Through the Britihs Library EthOS project more than 1000 thesis has been digitised on demand by users. We would like to upload those PDF file back to our service. We developed simple command line client which talks with EthOS WS API. Subsequently all files has been mass uploaded to Durham E-Theses.
http://etheses.dur.ac.uk/cgi/oai2?verb=ListRecords&from=2012-07-05T22:16:45Z&metadataPrefix=uketd_dc http://etheses.dur.ac.uk/cgi/oai2?verb=ListRecords&from=2012-07-05T22:16:45Z&metadataPrefix=oai_dc – will display Epid:1530 Modification include: - Adding new fields into EPrints data model - eprinds_field.pl, workflow, phrases. - Adding conditional OAI matadata format filter ( metadataPrefix=uketd_dc ) in oai.pl configuration file - Adding metadata format filter support in /cgi/oai2 script In order to protectively avoid record duplication by EthOS reharvesting we extended editorial data model and added EthOS persisted ID and simple control whether the record should be excluded from EthOS /UKETD-DC harvesting process. We have modified OAI-PMH core plugin to filter EThOS records.
One of our major technical concern was related that the fact that occasionally wrong character encoding could introduced in metadat. This look rather unpleasant and can spoil user experience. Recently we adopted a radical solution and we have converted whole internal database to be UTF-8 compliant and we have updated Eprints database connector.
In our default implementation we assumed that copyright of the theses would retain within the user. This was unnecessary conservative approach which did not encouraged our students to explore CC licences. So we were very glad, once approached by students to implement specific CC with particular jurisdiction. We updated wording and CC version to support 3 jurisdiction England & Wales, world and USA.
And than we realized, that once we have a work licensed under CC we need to clearly state this not only on the abstract page but also in automated harvest as well as cover pages.
Durham E-Theses is a younger sister of Durham Research Online service. One of our later goal was to unify those two repositories by providing single search box for the external users. We use Google Custom Search with bespoken search result. Durham E-Theses results are presented under Theses tab.
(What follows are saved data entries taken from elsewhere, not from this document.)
(* Let $G=(V,E)$ be an undirected graph (finite or infinite) and $M=M(S)$ a multiplex of $G$ generated by the simplex $S=(V_S,E_S)$. Then: (i) $G(\widetilde M)$ has a partition $F_M\neq\{\widetilde M\}$ of $\widetilde M$ into maximal ``strong'' partitive sets of $G(\widetilde M)$; (ii) if $\mathrm{rank}(M)=1$, then either $G(\widetilde M)/F_M$ is isomorphic to $S$, or $G(\widetilde M)/F_M$ is indecomposable and isomorphic to a sub-graph $G'=(V',E')$ of $G(\widetilde M)$ with $E'\subseteq M$; (iii) if $\mathrm{rank}(M)\ge 2$, then $G(\widetilde M)/F_M$ is isomorphic to $S$.
   Context: A graph $G=(V,E)$ has vertex set $V$ (possibly infinite) and edge set $E\subseteq V^2$ of ordered pairs; it is undirected if $E$ is irreflexive and symmetric, and then $ab$ denotes $\{(a,b),(b,a)\}$, with $ab\in E$ meaning $(a,b)\in E$. For $X\subseteq V$, $E(X)=\{(a,b)\in E: a,b\in X\}$ and $G(X)=(X,E(X))$. For a set $A$ of ordered pairs, $\widetilde A$ is the set of vertices $a$ such that $(a,b)\in A$ or $(b,a)\in A$ for some $b$. A set $X\subseteq W$ is a partitive set of a graph $H=(W,D)$ if for all $a,b\in X$ and $c\in W\setminus X$: $(a,c)\in D\Leftrightarrow(b,c)\in D$ and $(c,a)\in D\Leftrightarrow(c,b)\in D$; $I(H)$ is the class of partitive sets; a partitive set is trivial if it is a singleton or $W$; $H$ is indecomposable if all its partitive sets are trivial. A ``strong'' partitive set of $H$ is an $X\in I(H)$ such that for every $Y\in I(H)$ with $X\cap Y\neq\emptyset$, $X\subseteq Y$ or $Y\subseteq X$; $I_F(H)$ is the class of these. A maximal ``strong'' partitive set of $H$ is an element of $I_F(H)\setminus\{W\}$ maximal for inclusion in $I_F(H)\setminus\{W\}$. For a partition $P$ of $W$ into partitive sets, the quotient $H/P$ is the graph with vertex set $P$ in which distinct $X,Y$ are joined iff $(x,y)\in D$ for some, equivalently every, $x\in X,y\in Y$ (isomorphic to $H(f(P))$ for any choice function $f$ with $f(X)\in X$). Implication classes of undirected $G$: on $E$ define $(a,b)\Gamma(a',b')$ iff either $a=a'$ and $(b,b')\notin E$, or $b=b'$ and $(a,a')\notin E$; the classes of the transitive closure $\Gamma^*$ are the implication classes. For an implication class $A$, $A^{-1}=\{(b,a):(a,b)\in A\}$ and the color class (color) is $\widehat A=A\cup A^{-1}$. A simplex of rank $r\ge1$ is a complete sub-graph $S=(V_S,E_S)$ of $G$ on $r+1$ vertices whose distinct undirected edges lie in distinct color classes. The multiplex generated by $S$ is $M(S)=\bigcup\{\widehat A:\widehat A\text{ a color class},\ \widehat A\cap E_S\neq\emptyset\}$, of rank $r$; $\widetilde M$ is the set of vertices spanned by $M$. *)

theory Defs
  imports Main "HOL-Library.Disjoint_Sets"
begin

definition undirected :: "'a set \<Rightarrow> ('a \<times> 'a) set \<Rightarrow> bool" where
  "undirected V E \<longleftrightarrow> E \<subseteq> V \<times> V \<and> irrefl E \<and> sym E"

text \<open>E(X): the edges of E with both ends in X (so G(X) = (X, induced_edges E X)).\<close>
definition induced_edges :: "('a \<times> 'a) set \<Rightarrow> 'a set \<Rightarrow> ('a \<times> 'a) set" where
  "induced_edges E X = {(a, b). (a, b) \<in> E \<and> a \<in> X \<and> b \<in> X}"

definition Gamma :: "('a \<times> 'a) set \<Rightarrow> (('a \<times> 'a) \<times> ('a \<times> 'a)) set" where
  "Gamma E = {((a, b), (a', b')). (a, b) \<in> E \<and> (a', b') \<in> E \<and>
      ((a = a' \<and> (b, b') \<notin> E) \<or> (b = b' \<and> (a, a') \<notin> E))}"

definition implication_classes :: "('a \<times> 'a) set \<Rightarrow> ('a \<times> 'a) set set" where
  "implication_classes E = E // ((Gamma E)\<^sup>+)"

definition color_classes :: "('a \<times> 'a) set \<Rightarrow> ('a \<times> 'a) set set" where
  "color_classes E = {A \<union> A\<inverse> | A. A \<in> implication_classes E}"

text \<open>A simplex, given by its vertex set VS (its edge set is induced_edges E VS);
  its rank is card VS - 1.\<close>
definition simplex :: "'a set \<Rightarrow> ('a \<times> 'a) set \<Rightarrow> 'a set \<Rightarrow> bool" where
  "simplex V E VS \<longleftrightarrow> VS \<subseteq> V \<and> finite VS \<and> card VS \<ge> 2 \<and>
     (\<forall>a\<in>VS. \<forall>b\<in>VS. a \<noteq> b \<longrightarrow> (a, b) \<in> E) \<and>
     (\<forall>a\<in>VS. \<forall>b\<in>VS. \<forall>c\<in>VS. \<forall>d\<in>VS.
        a \<noteq> b \<longrightarrow> c \<noteq> d \<longrightarrow> {a, b} \<noteq> {c, d} \<longrightarrow>
        (\<forall>C\<in>color_classes E. (a, b) \<in> C \<longrightarrow> (c, d) \<notin> C))"

definition simplex_rank :: "'a set \<Rightarrow> nat" where
  "simplex_rank VS = card VS - 1"

definition multiplex :: "('a \<times> 'a) set \<Rightarrow> 'a set \<Rightarrow> ('a \<times> 'a) set" where
  "multiplex E VS = \<Union>{C \<in> color_classes E. C \<inter> induced_edges E VS \<noteq> {}}"

definition partitive :: "'b set \<Rightarrow> ('b \<times> 'b) set \<Rightarrow> 'b set \<Rightarrow> bool" where
  "partitive W D X \<longleftrightarrow> X \<subseteq> W \<and>
     (\<forall>a\<in>X. \<forall>b\<in>X. \<forall>c\<in>W - X.
        ((a, c) \<in> D \<longleftrightarrow> (b, c) \<in> D) \<and> ((c, a) \<in> D \<longleftrightarrow> (c, b) \<in> D))"

definition strong_partitive :: "'b set \<Rightarrow> ('b \<times> 'b) set \<Rightarrow> 'b set \<Rightarrow> bool" where
  "strong_partitive W D X \<longleftrightarrow> partitive W D X \<and>
     (\<forall>Y. partitive W D Y \<and> X \<inter> Y \<noteq> {} \<longrightarrow> X \<subseteq> Y \<or> Y \<subseteq> X)"

definition max_strong_partitive :: "'b set \<Rightarrow> ('b \<times> 'b) set \<Rightarrow> 'b set \<Rightarrow> bool" where
  "max_strong_partitive W D X \<longleftrightarrow> strong_partitive W D X \<and> X \<noteq> W \<and>
     (\<forall>Y. strong_partitive W D Y \<and> Y \<noteq> W \<and> X \<subseteq> Y \<longrightarrow> Y = X)"

definition indecomposable :: "'b set \<Rightarrow> ('b \<times> 'b) set \<Rightarrow> bool" where
  "indecomposable W D \<longleftrightarrow>
     (\<forall>X. partitive W D X \<longrightarrow> X = {} \<or> (\<exists>x. X = {x}) \<or> X = W)"

definition quotient_edges :: "('b \<times> 'b) set \<Rightarrow> 'b set set \<Rightarrow> ('b set \<times> 'b set) set" where
  "quotient_edges D P = {(X, Y). X \<in> P \<and> Y \<in> P \<and> X \<noteq> Y \<and> (\<exists>x\<in>X. \<exists>y\<in>Y. (x, y) \<in> D)}"

definition graph_iso :: "'b set \<Rightarrow> ('b \<times> 'b) set \<Rightarrow> 'c set \<Rightarrow> ('c \<times> 'c) set \<Rightarrow> bool" where
  "graph_iso V1 E1 V2 E2 \<longleftrightarrow> (\<exists>f. bij_betw f V1 V2 \<and>
     (\<forall>a\<in>V1. \<forall>b\<in>V1. (a, b) \<in> E1 \<longleftrightarrow> (f a, f b) \<in> E2))"

end

theory Submission
  imports Defs
begin

text \<open>
  The multiplex \<open>M\<close> is the set of edges forced (via \<open>\<Gamma>\<^sup>+\<close>) by edges of the simplex, and a
  partitive set of \<open>G(Mt)\<close> containing both ends of an edge of \<open>M\<close> contains both ends of every
  edge that edge forces.

  For rank at least 2, every simplex vertex \<open>v\<close> determines the class of vertices \<open>x\<close> for which
  \<open>vw\<close> forces \<open>xw\<close> for all other simplex vertices \<open>w\<close>. Since distinct simplex edges do not
  force each other, these classes partition \<open>Mt\<close>, any two of them are completely joined by
  edges forced by the corresponding simplex edge, and they are exactly the maximal strong
  partitive sets; so the quotient is the simplex.

  For rank 1, \<open>M\<close> is a single color class, so \<open>G(Mt)\<close> is connected. If its complement is
  disconnected, the co-components of the two simplex vertices form the partition. Otherwise
  Gallai's argument applies: the maximal proper partitive sets are strong, partition \<open>Mt\<close> and
  have an indecomposable quotient, and every edge between two of them lies in \<open>M\<close>, so any choice
  of representatives realises the quotient inside \<open>M\<close>.
\<close>

section \<open>Implication classes\<close>

locale simple_graph =
  fixes E :: "('a \<times> 'a) set"
  assumes sym_E: "sym E" and irrefl_E: "irrefl E"
begin

abbreviation \<Gamma> :: "(('a \<times> 'a) \<times> ('a \<times> 'a)) set" where "\<Gamma> \<equiv> Gamma E"

lemma edge_sym: "(x, y) \<in> E \<Longrightarrow> (y, x) \<in> E"
  using sym_E by (auto simp: sym_def)

lemma no_loop: "(x, x) \<notin> E"
  using irrefl_E by (auto simp: irrefl_def)

lemma induced_edges_sym: "(x, y) \<in> induced_edges E X \<Longrightarrow> (y, x) \<in> induced_edges E X"
  unfolding induced_edges_def using edge_sym by blast

lemma sym_induced_edges: "sym (induced_edges E X)"
  using induced_edges_sym by (auto intro: symI)

lemma Gamma_edges: "(e, e') \<in> \<Gamma> \<Longrightarrow> e \<in> E \<and> e' \<in> E"
  by (auto simp: Gamma_def)

lemma GammaI_fst:
  "(a, b) \<in> E \<Longrightarrow> (a, b') \<in> E \<Longrightarrow> (b, b') \<notin> E \<Longrightarrow> ((a, b), (a, b')) \<in> \<Gamma>"
  by (auto simp: Gamma_def)

lemma GammaI_snd:
  "(a, b) \<in> E \<Longrightarrow> (a', b) \<in> E \<Longrightarrow> (a, a') \<notin> E \<Longrightarrow> ((a, b), (a', b)) \<in> \<Gamma>"
  by (auto simp: Gamma_def)

lemma Gamma_sym: "(e, e') \<in> \<Gamma> \<Longrightarrow> (e', e) \<in> \<Gamma>"
  by (auto simp: Gamma_def dest: edge_sym)

lemma Gamma_swap: "(e, e') \<in> \<Gamma> \<Longrightarrow> (prod.swap e, prod.swap e') \<in> \<Gamma>"
  by (auto simp: Gamma_def dest: edge_sym)

lemma Gamma_trancl_edges: "(e, e') \<in> \<Gamma>\<^sup>+ \<Longrightarrow> e \<in> E \<and> e' \<in> E"
  by (induction rule: trancl_induct) (auto dest: Gamma_edges)

lemma Gamma_trancl_refl: "e \<in> E \<Longrightarrow> (e, e) \<in> \<Gamma>\<^sup>+"
  using no_loop by (cases e) (auto simp: Gamma_def)

lemma Gamma_trancl_sym: "(e, e') \<in> \<Gamma>\<^sup>+ \<Longrightarrow> (e', e) \<in> \<Gamma>\<^sup>+"
  using Gamma_sym by (metis sym_def sym_trancl)

lemma Gamma_trancl_swap: "((a, b), (c, d)) \<in> \<Gamma>\<^sup>+ \<Longrightarrow> ((b, a), (d, c)) \<in> \<Gamma>\<^sup>+"
proof -
  have "(prod.swap e, prod.swap e') \<in> \<Gamma>\<^sup>+" if "(e, e') \<in> \<Gamma>\<^sup>+" for e e'
    using that by (induction rule: trancl_induct) (auto intro: trancl_into_trancl dest: Gamma_swap)
  from this[of "(a, b)" "(c, d)"] show "((a, b), (c, d)) \<in> \<Gamma>\<^sup>+ \<Longrightarrow> ((b, a), (d, c)) \<in> \<Gamma>\<^sup>+"
    by simp
qed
In the last year we started local project to digitised our stock of 10k paper theses. Some of those theses comes with supplementary material which is also beeing digitised. Similar to the BL we implemented robust take down policy on the author request.
Currently we are in the process to implement the EU cookies law. It is rather murky area with not clear interpretation which cookies are essential thus required by service. With additional google services we fill like running in the night without light and clear course to follow.
We also introduce permanent “dark” storage based on deletion state. We have not anticipate that users would like to deposit encrypted PDFs or multimedia files.